[Start of section]

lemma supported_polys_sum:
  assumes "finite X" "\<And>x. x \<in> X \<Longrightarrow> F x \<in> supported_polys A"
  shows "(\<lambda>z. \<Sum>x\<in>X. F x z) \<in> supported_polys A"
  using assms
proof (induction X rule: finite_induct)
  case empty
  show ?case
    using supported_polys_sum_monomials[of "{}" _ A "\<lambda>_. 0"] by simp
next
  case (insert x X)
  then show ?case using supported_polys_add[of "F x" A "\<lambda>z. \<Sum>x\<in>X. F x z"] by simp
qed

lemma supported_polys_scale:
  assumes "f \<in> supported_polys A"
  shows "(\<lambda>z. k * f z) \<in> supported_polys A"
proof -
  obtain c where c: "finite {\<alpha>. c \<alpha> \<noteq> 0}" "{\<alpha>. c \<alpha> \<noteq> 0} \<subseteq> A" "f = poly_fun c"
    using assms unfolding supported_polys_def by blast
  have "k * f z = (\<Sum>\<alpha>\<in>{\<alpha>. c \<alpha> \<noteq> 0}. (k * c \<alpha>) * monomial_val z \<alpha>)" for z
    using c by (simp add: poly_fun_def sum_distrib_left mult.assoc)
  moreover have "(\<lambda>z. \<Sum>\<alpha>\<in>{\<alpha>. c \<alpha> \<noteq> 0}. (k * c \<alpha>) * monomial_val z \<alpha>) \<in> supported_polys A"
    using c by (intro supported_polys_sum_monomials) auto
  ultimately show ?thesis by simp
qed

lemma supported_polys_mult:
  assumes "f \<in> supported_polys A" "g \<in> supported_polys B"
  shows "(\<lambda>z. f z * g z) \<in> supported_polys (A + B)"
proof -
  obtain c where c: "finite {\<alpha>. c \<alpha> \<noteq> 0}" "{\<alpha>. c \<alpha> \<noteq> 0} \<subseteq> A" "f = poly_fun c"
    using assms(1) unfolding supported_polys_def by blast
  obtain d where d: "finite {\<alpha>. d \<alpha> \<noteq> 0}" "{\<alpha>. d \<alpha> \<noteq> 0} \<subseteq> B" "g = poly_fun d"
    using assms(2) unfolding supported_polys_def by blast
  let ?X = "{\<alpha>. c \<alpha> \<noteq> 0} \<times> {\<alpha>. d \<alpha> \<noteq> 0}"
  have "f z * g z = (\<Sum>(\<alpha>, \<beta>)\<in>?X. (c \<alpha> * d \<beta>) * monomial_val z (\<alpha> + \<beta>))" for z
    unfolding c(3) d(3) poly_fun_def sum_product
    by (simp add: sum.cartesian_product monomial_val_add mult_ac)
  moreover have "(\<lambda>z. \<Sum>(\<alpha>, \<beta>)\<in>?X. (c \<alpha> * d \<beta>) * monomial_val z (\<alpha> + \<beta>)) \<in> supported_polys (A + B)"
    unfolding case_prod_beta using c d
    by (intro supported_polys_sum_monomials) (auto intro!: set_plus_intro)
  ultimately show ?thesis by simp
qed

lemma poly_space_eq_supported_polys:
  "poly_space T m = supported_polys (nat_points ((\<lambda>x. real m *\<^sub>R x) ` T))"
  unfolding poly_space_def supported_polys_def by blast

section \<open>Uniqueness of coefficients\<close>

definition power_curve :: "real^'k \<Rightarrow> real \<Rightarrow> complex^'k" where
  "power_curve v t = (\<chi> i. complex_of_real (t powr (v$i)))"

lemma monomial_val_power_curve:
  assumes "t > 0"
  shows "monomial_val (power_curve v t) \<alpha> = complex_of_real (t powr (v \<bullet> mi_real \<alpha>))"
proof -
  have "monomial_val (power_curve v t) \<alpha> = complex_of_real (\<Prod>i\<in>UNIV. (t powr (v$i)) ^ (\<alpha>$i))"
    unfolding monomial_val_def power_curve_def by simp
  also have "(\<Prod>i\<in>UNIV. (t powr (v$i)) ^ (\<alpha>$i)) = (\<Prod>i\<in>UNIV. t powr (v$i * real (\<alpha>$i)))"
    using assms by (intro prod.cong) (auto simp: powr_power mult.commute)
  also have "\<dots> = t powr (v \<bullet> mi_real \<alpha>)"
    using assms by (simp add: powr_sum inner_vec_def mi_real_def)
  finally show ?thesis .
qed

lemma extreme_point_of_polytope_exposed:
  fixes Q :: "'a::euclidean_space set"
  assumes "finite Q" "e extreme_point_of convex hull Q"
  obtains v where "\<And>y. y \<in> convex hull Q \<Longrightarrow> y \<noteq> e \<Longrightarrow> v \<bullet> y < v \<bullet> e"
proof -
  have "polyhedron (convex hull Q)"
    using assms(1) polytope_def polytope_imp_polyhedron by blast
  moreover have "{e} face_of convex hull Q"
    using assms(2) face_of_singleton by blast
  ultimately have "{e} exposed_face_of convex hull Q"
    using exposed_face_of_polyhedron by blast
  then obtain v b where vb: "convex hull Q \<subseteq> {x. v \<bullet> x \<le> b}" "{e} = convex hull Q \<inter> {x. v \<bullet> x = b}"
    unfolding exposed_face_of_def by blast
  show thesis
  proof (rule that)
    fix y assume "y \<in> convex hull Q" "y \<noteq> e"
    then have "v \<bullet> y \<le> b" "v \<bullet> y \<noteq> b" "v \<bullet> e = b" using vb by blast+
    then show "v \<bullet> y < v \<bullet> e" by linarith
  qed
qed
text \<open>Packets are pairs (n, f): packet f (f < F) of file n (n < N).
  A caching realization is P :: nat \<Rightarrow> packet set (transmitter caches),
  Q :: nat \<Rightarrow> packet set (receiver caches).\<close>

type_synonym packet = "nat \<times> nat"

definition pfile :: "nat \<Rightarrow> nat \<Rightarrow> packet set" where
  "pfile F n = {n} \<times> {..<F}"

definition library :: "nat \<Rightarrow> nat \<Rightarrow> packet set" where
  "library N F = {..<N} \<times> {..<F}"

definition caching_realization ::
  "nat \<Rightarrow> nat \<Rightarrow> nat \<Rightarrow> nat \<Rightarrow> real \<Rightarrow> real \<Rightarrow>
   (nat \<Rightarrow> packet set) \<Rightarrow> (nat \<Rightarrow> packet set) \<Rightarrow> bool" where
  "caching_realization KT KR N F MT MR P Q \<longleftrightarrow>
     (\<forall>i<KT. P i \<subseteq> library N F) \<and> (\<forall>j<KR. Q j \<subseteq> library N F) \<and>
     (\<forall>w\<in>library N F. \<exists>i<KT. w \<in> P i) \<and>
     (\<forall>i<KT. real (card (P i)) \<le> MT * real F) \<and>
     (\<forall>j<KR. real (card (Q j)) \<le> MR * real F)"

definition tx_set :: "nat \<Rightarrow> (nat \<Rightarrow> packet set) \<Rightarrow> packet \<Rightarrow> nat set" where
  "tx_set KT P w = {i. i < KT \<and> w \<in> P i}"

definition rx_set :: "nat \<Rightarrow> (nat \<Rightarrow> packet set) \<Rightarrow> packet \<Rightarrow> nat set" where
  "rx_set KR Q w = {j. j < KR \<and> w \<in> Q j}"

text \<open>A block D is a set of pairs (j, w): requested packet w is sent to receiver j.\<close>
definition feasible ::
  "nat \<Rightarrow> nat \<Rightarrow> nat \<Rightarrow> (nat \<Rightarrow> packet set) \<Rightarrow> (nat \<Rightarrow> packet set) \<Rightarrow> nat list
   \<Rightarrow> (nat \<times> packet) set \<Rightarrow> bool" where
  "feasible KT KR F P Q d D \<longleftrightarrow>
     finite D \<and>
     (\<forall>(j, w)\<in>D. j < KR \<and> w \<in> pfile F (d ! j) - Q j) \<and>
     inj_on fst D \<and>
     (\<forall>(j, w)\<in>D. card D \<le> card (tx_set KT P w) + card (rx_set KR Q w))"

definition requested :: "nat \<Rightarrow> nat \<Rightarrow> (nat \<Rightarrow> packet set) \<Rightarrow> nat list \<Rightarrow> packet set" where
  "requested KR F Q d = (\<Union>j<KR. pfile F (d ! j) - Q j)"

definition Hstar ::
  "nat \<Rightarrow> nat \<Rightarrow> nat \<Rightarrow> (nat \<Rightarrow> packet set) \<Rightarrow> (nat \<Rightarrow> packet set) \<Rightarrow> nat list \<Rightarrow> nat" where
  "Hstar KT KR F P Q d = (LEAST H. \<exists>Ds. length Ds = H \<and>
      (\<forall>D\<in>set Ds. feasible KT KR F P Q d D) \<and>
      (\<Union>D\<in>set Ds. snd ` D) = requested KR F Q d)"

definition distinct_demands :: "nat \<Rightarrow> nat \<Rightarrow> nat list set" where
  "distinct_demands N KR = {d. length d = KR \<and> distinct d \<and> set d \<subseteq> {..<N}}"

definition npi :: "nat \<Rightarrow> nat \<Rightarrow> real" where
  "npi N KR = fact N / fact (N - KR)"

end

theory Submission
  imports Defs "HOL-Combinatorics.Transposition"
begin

[End of section]

### WHAT TO PRODUCE
Of the entries above, repeat exactly the lines between the line with "by (intro supported_polys_sum_monomials) (auto" and the line with "extreme_point_of convex hull", inclusive, and no others.

### SOLUTION FOR THIS TASK
    by (intro supported_polys_sum_monomials) (auto intro!: set_plus_intro)
  ultimately show ?thesis by simp
qed

lemma poly_space_eq_supported_polys:
  "poly_space T m = supported_polys (nat_points ((\<lambda>x. real m *\<^sub>R x) ` T))"
  unfolding poly_space_def supported_polys_def by blast

section \<open>Uniqueness of coefficients\<close>

definition power_curve :: "real^'k \<Rightarrow> real \<Rightarrow> complex^'k" where
  "power_curve v t = (\<chi> i. complex_of_real (t powr (v$i)))"

lemma monomial_val_power_curve:
  assumes "t > 0"
  shows "monomial_val (power_curve v t) \<alpha> = complex_of_real (t powr (v \<bullet> mi_real \<alpha>))"
proof -
  have "monomial_val (power_curve v t) \<alpha> = complex_of_real (\<Prod>i\<in>UNIV. (t powr (v$i)) ^ (\<alpha>$i))"
    unfolding monomial_val_def power_curve_def by simp
  also have "(\<Prod>i\<in>UNIV. (t powr (v$i)) ^ (\<alpha>$i)) = (\<Prod>i\<in>UNIV. t powr (v$i * real (\<alpha>$i)))"
    using assms by (intro prod.cong) (auto simp: powr_power mult.commute)
  also have "\<dots> = t powr (v \<bullet> mi_real \<alpha>)"
    using assms by (simp add: powr_sum inner_vec_def mi_real_def)
  finally show ?thesis .
qed

lemma extreme_point_of_polytope_exposed:
  fixes Q :: "'a::euclidean_space set"
  assumes "finite Q" "e extreme_point_of convex hull Q"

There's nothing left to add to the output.